[[ Supplied data, beginning ]]

theorem theorem1p3:
  fixes \<iota> :: "'a::{real_normed_algebra, banach} \<Rightarrow> 'b::{real_normed_algebra, banach}"
    and l :: "'b \<Rightarrow> 'x::banach \<Rightarrow> 'x" and r :: "'x \<Rightarrow> 'b \<Rightarrow> 'x"
    and D :: "'a \<Rightarrow> 'x"
  assumes env: "envelope \<iota>"
    and X: "banach_bimodule l r"
    and D: "derivation (\<lambda>a x. l (\<iota> a) x) (\<lambda>x a. r x (\<iota> a)) D"
  shows
    "banach_bimodule (\<lambda>a x. l (\<iota> a) x) (\<lambda>x a. r x (\<iota> a))
     \<and> bimodule_on (DC \<iota> l r) (dc_lact \<iota> l) (dc_ract \<iota> r)
     \<and> closed (DC \<iota> l r)
     \<and> (\<exists>Dt :: 'b \<Rightarrow> ('a \<Rightarrow>\<^sub>L 'x) \<times> ('a \<Rightarrow>\<^sub>L 'x).
          range Dt \<subseteq> DC \<iota> l r
        \<and> derivation (dc_lact \<iota> l) (dc_ract \<iota> r) Dt
        \<and> (\<forall>a. Dt (\<iota> a) = iota_X \<iota> l r (D a))
        \<and> (closure (span {a * a' | a a' :: 'a. True}) = (UNIV :: 'a set) \<longrightarrow>
             (\<forall>Dt' :: 'b \<Rightarrow> ('a \<Rightarrow>\<^sub>L 'x) \<times> ('a \<Rightarrow>\<^sub>L 'x).
                 range Dt' \<subseteq> DC \<iota> l r \<and> derivation (dc_lact \<iota> l) (dc_ract \<iota> r) Dt'
                 \<and> (\<forall>a. Dt' (\<iota> a) = iota_X \<iota> l r (D a)) \<longrightarrow> Dt' = Dt)
           \<and> ((\<exists>m\<in>DC \<iota> l r. \<forall>b. Dt b = dc_lact \<iota> l b m - dc_ract \<iota> r m b) \<longrightarrow>
               (\<exists>(S, T)\<in>DC \<iota> l r. \<forall>a. D a = blinfun_apply S a - blinfun_apply T a))))
     \<and> (\<forall>(S, T)\<in>DC \<iota> l r. derivation (\<lambda>a x. l (\<iota> a) x) (\<lambda>x a. r x (\<iota> a))
                               (\<lambda>a. blinfun_apply S a - blinfun_apply T a))"
proof -
  interpret envelope_derivation \<iota> l r D
    using env X D by unfold_locales
  show ?thesis
    using banach_bimodule_restrict[OF X I.bounded_linear iota_mult] bimodule_on_DC closed_DC
      D_ext_in_DC derivation_D_ext D_ext_iota D_ext_unique D_ext_inner_imp_DC_diff derivation_DC_diff
    by (intro conjI exI[of _ D_ext]) (blast | fastforce)+
qed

[[ Supplied data, end ]]

*Task brief:* Go through the entries above and report each line with the string "longrightarrow" in it.

*Written answer:*
        \<and> (closure (span {a * a' | a a' :: 'a. True}) = (UNIV :: 'a set) \<longrightarrow>
                 \<and> (\<forall>a. Dt' (\<iota> a) = iota_X \<iota> l r (D a)) \<longrightarrow> Dt' = Dt)
           \<and> ((\<exists>m\<in>DC \<iota> l r. \<forall>b. Dt b = dc_lact \<iota> l b m - dc_ract \<iota> r m b) \<longrightarrow>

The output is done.